Using law of total expectation on a [0,x] uniform distribution

Question

I'm currently studying for an upcoming probability exam and I got my hands on one of the previous exams for the course from a friend. I was working my way through it but the following question stumped me :

Suppose that X has a continuous distribution with probability density function given by :$$ f(x) = \begin{cases} \ 2x & 0<x<1,\\ 0 & \text{otherwise}. \end{cases} $$ Suppose that Y is a continuous random variable such that the conditional distribution of Y given X = x is uniform(0, x).

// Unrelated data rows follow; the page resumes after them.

lemma generated_if_generates_nhd_mat_1:
  assumes U: "unitary U"
    and near: "generates_nhd_mat_1 U"
  shows "unitary V \<Longrightarrow> generated U V"
proof (induction "card {i. \<not> fixes_axis V i}" arbitrary: V rule: less_induct)
  case less
  show ?case
  proof (cases "\<forall>i. fixes_axis V i")
    case True
    then have "V = mat 1"
      by (simp add: fixes_axis_def vec_eq_iff column_def axis_def mat_nth)
    then show ?thesis
      by (simp add: generated_mat_1)
  next
    case False
    then obtain j R where j: "\<not> fixes_axis V j" and R: "generated U R" "fixes_axis (R ** V) j"
      "\<And>i. fixes_axis V i \<Longrightarrow> fixes_axis (R ** V) i"
      using generated_fix_column[OF near less.prems] by blast
    have "card {i. \<not> fixes_axis (R ** V) i} < card {i. \<not> fixes_axis V i}"
      using R(2,3) j by (intro psubset_card_mono) auto
    moreover have "unitary (R ** V)"
      using generated_unitary[OF U R(1)] less.prems by (rule unitary_mult)
    ultimately have "generated U (R ** V)"
      by (rule less.hyps)
    moreover have "V = ctrans R ** (R ** V)"
      using unitaryD(1)[OF generated_unitary[OF U R(1)]] by (simp add: matrix_mul_assoc)
    ultimately show ?thesis
      by (metis generated_ctrans[OF R(1)] generated_mult)
  qed
qed
(* Let $\varphi(s,v)=\vec c(s)+v\vec q(s)$ be a developable timelike ruled surface of type $M^1_-$ in $\mathbb{R}^3_1$, and let $\varphi^*(s,v)=\vec c(s)+R\vec a(s)+v\vec q^*(s)$ be a timelike ruled surface that is a Mannheim offset of $\varphi$, with $\theta$ the angle between $\vec q$ and $\vec q^*$. (i) If $\varphi^*$ is of type $M^1_+$, then $\varphi^*$ is developable if and only if $\cosh\theta+R\kappa\frac{ds_1}{ds}\sinh\theta=0$. (ii) If $\varphi^*$ is of type $M^1_-$, then $\varphi^*$ is developable if and only if $\sinh\theta+R\kappa\frac{ds_1}{ds}\cosh\theta=0$.
   Context: Work in Minkowski 3-space $\mathbb{R}^3_1$, i.e. $\mathbb{R}^3$ with $\langle x,y\rangle=-x_1y_1+x_2y_2+x_3y_3$, norm $\|x\|=\sqrt{|\langle x,x\rangle|}$, and Lorentzian cross product $x\times y=(x_2y_3-x_3y_2,\,x_1y_3-x_3y_1,\,x_2y_1-x_1y_2)$. A ruled surface is $\varphi(s,v)=\vec c(s)+v\vec q(s)$, where $\vec q$ is a unit non-null vector field with $\langle\vec q,\vec q\rangle=\varepsilon_2\in\{\pm1\}$, $d\vec q/ds$ is non-null, and the base curve $\vec c$ is the striction curve, i.e. $\langle d\vec q/ds,d\vec c/ds\rangle=0$; $s$ is the arc-length parameter of $\vec c$. Its Frenet frame is $\{\vec q,\vec h,\vec a\}$ with central normal $\vec h=\frac{d\vec q/ds}{\|d\vec q/ds\|}$ and asymptotic normal $\vec a=\frac{(d\vec q/ds)\times\vec q}{\|d\vec q/ds\|}$. The surface is of type $M^1_-$ if $\vec q$ is timelike and $\vec h$ spacelike; of type $M^1_+$ if $\vec q$ and $\vec h$ are both spacelike (both types are timelike surfaces). Let $s_1$ be the arc-length parameter of the spherical image curve traced by $\vec q$ on the unit hyperbolic/Lorentzian sphere, and $\kappa$ the conical curvature of the directing cone; for types $M^1_\pm$ the Frenet formulas are $d\vec q/ds_1=\vec h$, $d\vec h/ds_1=-\varepsilon_2\vec q+\kappa\vec a$, $d\vec a/ds_1=\varepsilon_2\kappa\vec h$. The distribution parameter is $d_\varphi=\det(d\vec c/ds,\vec q,d\vec q/ds)/\langle d\vec q/ds,d\vec q/ds\rangle$, and a ruled surface is developable iff its distribution parameter vanishes identically. A ruled surface $\varphi^*(s,v)=\vec c^*(s)+v\vec q^*(s)$ with striction curve $\vec c^*$ and Frenet frame $\{\vec q^*,\vec h^*,\vec a^*\}$ is a Mannheim offset of the timelike ruled surface $\varphi$ if there is a one-to-one correspondence between rulings with $\vec h^*=\vec a$; then $\vec c^*=\vec c+R\vec a$, and since $\varphi$ is developable $R$ is constant. With $\theta$ the angle between $\vec q$ and $\vec q^*$: if $\varphi$ is of type $M^1_-$ and $\varphi^*$ of type $M^1_+$, then $\vec q^*=\sinh\theta\,\vec q+\cosh\theta\,\vec h$, $\vec a^*=\cosh\theta\,\vec q+\sinh\theta\,\vec h$; if both are of type $M^1_-$, then $\vec q^*=\cosh\theta\,\vec q+\sinh\theta\,\vec h$, $\vec a^*=\sinh\theta\,\vec q+\cosh\theta\,\vec h$. *)

theory Defs
  imports "HOL-Analysis.Analysis"
begin

definition lor :: "real^3 \<Rightarrow> real^3 \<Rightarrow> real" where
  "lor x y = - (x$1 * y$1) + x$2 * y$2 + x$3 * y$3"

definition lnorm :: "real^3 \<Rightarrow> real" where
  "lnorm x = sqrt \<bar>lor x x\<bar>"

definition lcross :: "real^3 \<Rightarrow> real^3 \<Rightarrow> real^3" where
  "lcross x y = vector [x$2 * y$3 - x$3 * y$2, x$1 * y$3 - x$3 * y$1, x$2 * y$1 - x$1 * y$2]"

definition det3 :: "real^3 \<Rightarrow> real^3 \<Rightarrow> real^3 \<Rightarrow> real" where
  "det3 x y z = x$1 * (y$2 * z$3 - y$3 * z$2) - x$2 * (y$1 * z$3 - y$3 * z$1)
               + x$3 * (y$1 * z$2 - y$2 * z$1)"

definition spacelike :: "real^3 \<Rightarrow> bool" where
  "spacelike x \<longleftrightarrow> lor x x > 0"

definition timelike :: "real^3 \<Rightarrow> bool" where
  "timelike x \<longleftrightarrow> lor x x < 0"

definition nonnull :: "real^3 \<Rightarrow> bool" where
  "nonnull x \<longleftrightarrow> lor x x \<noteq> 0"

text \<open>Central normal h = (dq/ds)/||dq/ds|| and asymptotic normal
  a = ((dq/ds) x q)/||dq/ds||, as functions of the values q(s), dq/ds(s).\<close>
definition cnormal :: "real^3 \<Rightarrow> real^3" where
  "cnormal dq = (1 / lnorm dq) *\<^sub>R dq"

definition anormal :: "real^3 \<Rightarrow> real^3 \<Rightarrow> real^3" where
  "anormal q dq = (1 / lnorm dq) *\<^sub>R lcross dq q"

definition dist_param :: "real^3 \<Rightarrow> real^3 \<Rightarrow> real^3 \<Rightarrow> real" where
  "dist_param dc q dq = det3 dc q dq / lor dq dq"

end

theory Submission
  imports Defs
begin

text \<open>Since \<open>\<phi>\<close> is developable and \<open>\<vec>c\<close> is its striction curve, \<open>d\<vec>c/ds\<close> is orthogonal to
  both \<open>\<vec>h\<close> and \<open>\<vec>a\<close>, so the unit tangent of the base curve is the ruling \<open>\<vec>q\<close> itself.
  The Frenet formulas give \<open>d\<vec>a/ds = -\<kappa> (ds\<^sub>1/ds) \<vec>h\<close>, hence the base curve of the offset
  has tangent \<open>\<vec>q - R\<kappa> (ds\<^sub>1/ds) \<vec>h\<close>. As \<open>d\<vec>q\<^sup>*/ds\<close> is a multiple of \<open>\<vec>a\<close>, the
  distribution parameter of \<open>\<phi>\<^sup>*\<close> is a positive multiple of the \<open>\<vec>q,\<vec>h\<close>-determinant of this
  tangent and \<open>\<vec>q\<^sup>*\<close>, which is the stated expression in both cases. Everything happens
  pointwise.\<close>

lemma vec3_eq_iff: "(v::real^3) = w \<longleftrightarrow> v$1 = w$1 \<and> v$2 = w$2 \<and> v$3 = w$3"
  by (simp add: vec_eq_iff forall_3)

lemma lor_commute: "lor x y = lor y x"
  by (simp add: lor_def algebra_simps)

lemma lor_scaleR_left: "lor (k *\<^sub>R x) y = k * lor x y"
  and lor_scaleR_right: "lor x (k *\<^sub>R y) = k * lor x y"
  and lor_minus_left: "lor (- x) y = - lor x y"
  and lor_minus_right: "lor x (- y) = - lor x y"
  by (simp_all add: lor_def algebra_simps)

Find E(Y).

I've tried using the law of total expectation and finding E(E(Y|X)) to find E(Y) but from what I understand the integral would be $$\int_0^x y \times\frac1x dy = 1$$ However, the possible answers I was given are $\frac12, \frac13, \frac14, \frac23$. I'm not sure where I went wrong since it seemed straightforward enough for me. Could someone explain what I'm missing?

Answer 1

We have \begin{align} E[Y|X] &= \frac{X}2 \end{align}

Hence $E[Y] = \int_0^1 f(x)\cdot \frac{x}{2}\,dx$. Try to evaluate this quantity.

Answer 2

Purely informally we have that $Y\mid X=x$ is distributed like $\text{Uniform}([0,x])$ so that $\mathsf E(Y\mid X=x)=\frac x2$. Since $X=x$ has probability $0$ for any $x$, this argument cannot be made precise directly but instead we will use the proper measure theoretic machinery to formalize this argument.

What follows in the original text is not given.